## [Work instruction]
Report every line of the listing below in which the string "induction" appears.

## [Source data]
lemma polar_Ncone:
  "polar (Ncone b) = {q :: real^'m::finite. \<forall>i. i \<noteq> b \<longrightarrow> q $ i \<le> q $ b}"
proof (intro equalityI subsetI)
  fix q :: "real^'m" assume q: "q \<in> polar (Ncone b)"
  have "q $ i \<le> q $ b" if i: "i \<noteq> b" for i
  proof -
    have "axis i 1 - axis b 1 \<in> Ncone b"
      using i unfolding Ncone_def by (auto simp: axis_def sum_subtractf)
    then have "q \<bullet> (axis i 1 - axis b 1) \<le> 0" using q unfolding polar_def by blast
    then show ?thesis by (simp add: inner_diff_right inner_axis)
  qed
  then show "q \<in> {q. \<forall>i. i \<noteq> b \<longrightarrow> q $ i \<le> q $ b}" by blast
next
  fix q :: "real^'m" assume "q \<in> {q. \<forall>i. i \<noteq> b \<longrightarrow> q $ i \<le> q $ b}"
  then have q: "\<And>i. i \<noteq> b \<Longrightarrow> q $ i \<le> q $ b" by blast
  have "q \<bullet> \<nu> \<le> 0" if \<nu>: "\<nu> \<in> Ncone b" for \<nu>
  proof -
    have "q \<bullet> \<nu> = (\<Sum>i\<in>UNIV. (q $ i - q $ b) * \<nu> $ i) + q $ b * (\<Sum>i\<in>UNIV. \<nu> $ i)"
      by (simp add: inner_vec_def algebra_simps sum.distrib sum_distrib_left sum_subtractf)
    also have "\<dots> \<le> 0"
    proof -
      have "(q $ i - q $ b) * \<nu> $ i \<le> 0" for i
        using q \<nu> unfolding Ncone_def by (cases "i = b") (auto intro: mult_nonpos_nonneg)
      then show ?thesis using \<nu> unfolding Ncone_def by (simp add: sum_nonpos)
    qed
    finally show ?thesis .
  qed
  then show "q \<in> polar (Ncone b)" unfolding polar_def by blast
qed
...
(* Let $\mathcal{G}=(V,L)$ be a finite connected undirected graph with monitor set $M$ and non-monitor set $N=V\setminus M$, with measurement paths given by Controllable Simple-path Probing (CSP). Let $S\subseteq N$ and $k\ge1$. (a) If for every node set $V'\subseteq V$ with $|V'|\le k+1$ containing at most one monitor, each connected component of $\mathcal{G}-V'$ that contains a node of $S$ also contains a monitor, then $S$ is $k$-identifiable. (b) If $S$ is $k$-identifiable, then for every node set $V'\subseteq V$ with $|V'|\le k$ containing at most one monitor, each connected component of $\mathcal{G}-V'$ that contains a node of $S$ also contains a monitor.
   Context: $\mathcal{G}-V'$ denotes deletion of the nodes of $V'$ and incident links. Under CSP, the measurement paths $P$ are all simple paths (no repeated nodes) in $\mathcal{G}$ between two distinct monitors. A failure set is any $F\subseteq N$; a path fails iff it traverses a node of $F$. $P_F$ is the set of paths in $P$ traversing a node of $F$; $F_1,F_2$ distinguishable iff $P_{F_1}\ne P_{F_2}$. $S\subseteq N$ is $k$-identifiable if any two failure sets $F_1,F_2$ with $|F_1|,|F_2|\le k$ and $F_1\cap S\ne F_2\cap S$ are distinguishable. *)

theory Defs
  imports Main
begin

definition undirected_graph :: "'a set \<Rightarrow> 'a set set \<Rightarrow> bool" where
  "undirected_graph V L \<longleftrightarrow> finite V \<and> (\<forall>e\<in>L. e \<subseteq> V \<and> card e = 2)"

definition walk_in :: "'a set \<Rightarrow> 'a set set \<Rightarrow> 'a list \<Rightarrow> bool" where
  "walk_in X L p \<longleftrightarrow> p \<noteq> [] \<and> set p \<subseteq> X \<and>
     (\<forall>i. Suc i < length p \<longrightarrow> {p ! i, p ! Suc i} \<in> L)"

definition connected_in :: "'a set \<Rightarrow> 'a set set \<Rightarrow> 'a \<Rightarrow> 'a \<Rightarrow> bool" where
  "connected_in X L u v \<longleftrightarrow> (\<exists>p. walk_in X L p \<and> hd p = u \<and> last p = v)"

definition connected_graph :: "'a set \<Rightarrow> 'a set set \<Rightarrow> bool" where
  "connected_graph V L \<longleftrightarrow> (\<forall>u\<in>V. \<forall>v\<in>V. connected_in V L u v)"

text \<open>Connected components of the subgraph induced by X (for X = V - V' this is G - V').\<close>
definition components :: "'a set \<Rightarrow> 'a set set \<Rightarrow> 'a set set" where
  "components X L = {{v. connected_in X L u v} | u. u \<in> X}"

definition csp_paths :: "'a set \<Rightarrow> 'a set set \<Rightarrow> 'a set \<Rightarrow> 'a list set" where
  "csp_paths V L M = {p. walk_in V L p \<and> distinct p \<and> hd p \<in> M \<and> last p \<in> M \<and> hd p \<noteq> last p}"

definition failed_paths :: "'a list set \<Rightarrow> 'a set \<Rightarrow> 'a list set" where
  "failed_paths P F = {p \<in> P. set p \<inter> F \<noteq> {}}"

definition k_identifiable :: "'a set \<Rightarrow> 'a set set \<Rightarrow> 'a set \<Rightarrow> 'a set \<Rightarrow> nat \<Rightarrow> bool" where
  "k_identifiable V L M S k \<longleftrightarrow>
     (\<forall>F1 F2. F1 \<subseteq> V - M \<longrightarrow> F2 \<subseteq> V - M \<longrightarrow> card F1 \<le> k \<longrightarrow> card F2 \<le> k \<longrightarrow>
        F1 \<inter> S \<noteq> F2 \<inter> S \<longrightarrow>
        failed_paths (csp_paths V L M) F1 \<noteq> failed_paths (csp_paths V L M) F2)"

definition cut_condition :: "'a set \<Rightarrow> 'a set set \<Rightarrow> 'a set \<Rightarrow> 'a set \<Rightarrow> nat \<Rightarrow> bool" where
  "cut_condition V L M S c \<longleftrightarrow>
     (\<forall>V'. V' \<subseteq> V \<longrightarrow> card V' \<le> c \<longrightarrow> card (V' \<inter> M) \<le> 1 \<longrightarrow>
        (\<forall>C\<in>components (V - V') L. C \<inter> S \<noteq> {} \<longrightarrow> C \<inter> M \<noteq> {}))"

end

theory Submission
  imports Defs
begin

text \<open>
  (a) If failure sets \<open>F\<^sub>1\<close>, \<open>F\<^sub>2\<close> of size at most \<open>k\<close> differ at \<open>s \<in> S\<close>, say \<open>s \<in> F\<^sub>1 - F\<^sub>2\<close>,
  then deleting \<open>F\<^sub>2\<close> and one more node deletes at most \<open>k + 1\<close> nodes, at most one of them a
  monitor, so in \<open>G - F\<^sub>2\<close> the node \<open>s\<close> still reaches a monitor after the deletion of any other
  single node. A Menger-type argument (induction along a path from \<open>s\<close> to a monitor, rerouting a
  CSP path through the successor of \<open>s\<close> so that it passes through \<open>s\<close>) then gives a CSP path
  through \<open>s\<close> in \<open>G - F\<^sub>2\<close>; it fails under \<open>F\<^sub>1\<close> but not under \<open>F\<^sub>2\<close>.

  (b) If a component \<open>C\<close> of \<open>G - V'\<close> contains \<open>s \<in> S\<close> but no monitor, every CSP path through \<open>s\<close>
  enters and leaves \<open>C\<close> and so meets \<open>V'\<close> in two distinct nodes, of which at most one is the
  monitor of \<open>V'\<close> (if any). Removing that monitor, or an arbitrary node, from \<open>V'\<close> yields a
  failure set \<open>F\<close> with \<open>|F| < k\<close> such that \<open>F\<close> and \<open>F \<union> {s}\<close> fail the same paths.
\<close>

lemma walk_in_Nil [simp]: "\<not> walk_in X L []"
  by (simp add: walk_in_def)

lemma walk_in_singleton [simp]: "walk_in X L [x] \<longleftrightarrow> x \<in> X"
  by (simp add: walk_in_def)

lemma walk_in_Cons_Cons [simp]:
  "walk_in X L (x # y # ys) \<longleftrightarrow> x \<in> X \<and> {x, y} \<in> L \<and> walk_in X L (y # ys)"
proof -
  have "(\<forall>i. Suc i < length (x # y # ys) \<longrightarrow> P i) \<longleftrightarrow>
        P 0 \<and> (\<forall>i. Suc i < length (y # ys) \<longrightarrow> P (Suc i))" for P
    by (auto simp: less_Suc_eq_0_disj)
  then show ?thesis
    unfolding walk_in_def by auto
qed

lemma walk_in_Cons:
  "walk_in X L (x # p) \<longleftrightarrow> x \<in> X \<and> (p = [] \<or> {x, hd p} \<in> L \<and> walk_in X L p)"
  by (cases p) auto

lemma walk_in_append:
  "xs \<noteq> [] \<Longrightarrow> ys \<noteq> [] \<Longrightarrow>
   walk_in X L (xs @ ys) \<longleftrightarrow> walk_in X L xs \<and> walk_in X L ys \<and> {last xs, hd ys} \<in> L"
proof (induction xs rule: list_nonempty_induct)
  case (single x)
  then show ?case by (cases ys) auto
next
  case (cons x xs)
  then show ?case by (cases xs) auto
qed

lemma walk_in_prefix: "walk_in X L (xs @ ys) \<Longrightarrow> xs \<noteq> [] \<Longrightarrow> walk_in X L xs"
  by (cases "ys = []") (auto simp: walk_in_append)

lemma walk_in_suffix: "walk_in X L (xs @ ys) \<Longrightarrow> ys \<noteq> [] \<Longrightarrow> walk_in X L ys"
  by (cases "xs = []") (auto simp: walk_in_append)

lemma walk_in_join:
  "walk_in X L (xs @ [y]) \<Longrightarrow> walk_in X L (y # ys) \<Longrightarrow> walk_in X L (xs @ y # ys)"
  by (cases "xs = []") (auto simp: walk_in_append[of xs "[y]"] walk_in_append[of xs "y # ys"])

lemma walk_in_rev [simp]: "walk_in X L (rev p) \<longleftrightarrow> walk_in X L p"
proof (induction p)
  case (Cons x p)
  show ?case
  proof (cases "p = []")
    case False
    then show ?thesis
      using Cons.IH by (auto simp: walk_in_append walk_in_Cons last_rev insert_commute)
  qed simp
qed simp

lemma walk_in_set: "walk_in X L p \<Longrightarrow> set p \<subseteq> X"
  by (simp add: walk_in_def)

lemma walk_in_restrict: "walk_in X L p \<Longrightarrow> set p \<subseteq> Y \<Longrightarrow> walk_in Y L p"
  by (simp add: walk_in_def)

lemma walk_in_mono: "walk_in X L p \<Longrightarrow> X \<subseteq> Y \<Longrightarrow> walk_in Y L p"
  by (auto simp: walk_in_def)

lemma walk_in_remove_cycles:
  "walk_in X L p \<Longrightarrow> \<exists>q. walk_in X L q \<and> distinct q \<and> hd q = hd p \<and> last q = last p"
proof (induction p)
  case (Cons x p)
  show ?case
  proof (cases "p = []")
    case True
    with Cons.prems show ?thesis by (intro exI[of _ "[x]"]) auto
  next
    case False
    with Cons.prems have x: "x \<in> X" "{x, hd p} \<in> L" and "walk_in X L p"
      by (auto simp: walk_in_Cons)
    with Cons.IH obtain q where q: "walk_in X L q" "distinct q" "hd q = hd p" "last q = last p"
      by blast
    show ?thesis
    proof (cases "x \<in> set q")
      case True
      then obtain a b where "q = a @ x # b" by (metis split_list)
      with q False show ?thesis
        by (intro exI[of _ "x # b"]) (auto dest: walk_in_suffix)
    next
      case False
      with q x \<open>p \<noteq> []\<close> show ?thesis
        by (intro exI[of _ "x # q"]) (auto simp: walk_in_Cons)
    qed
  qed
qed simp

## [Response below]
  single node. A Menger-type argument (induction along a path from \<open>s\<close> to a monitor, rerouting a
proof (induction xs rule: list_nonempty_induct)
proof (induction p)
proof (induction p)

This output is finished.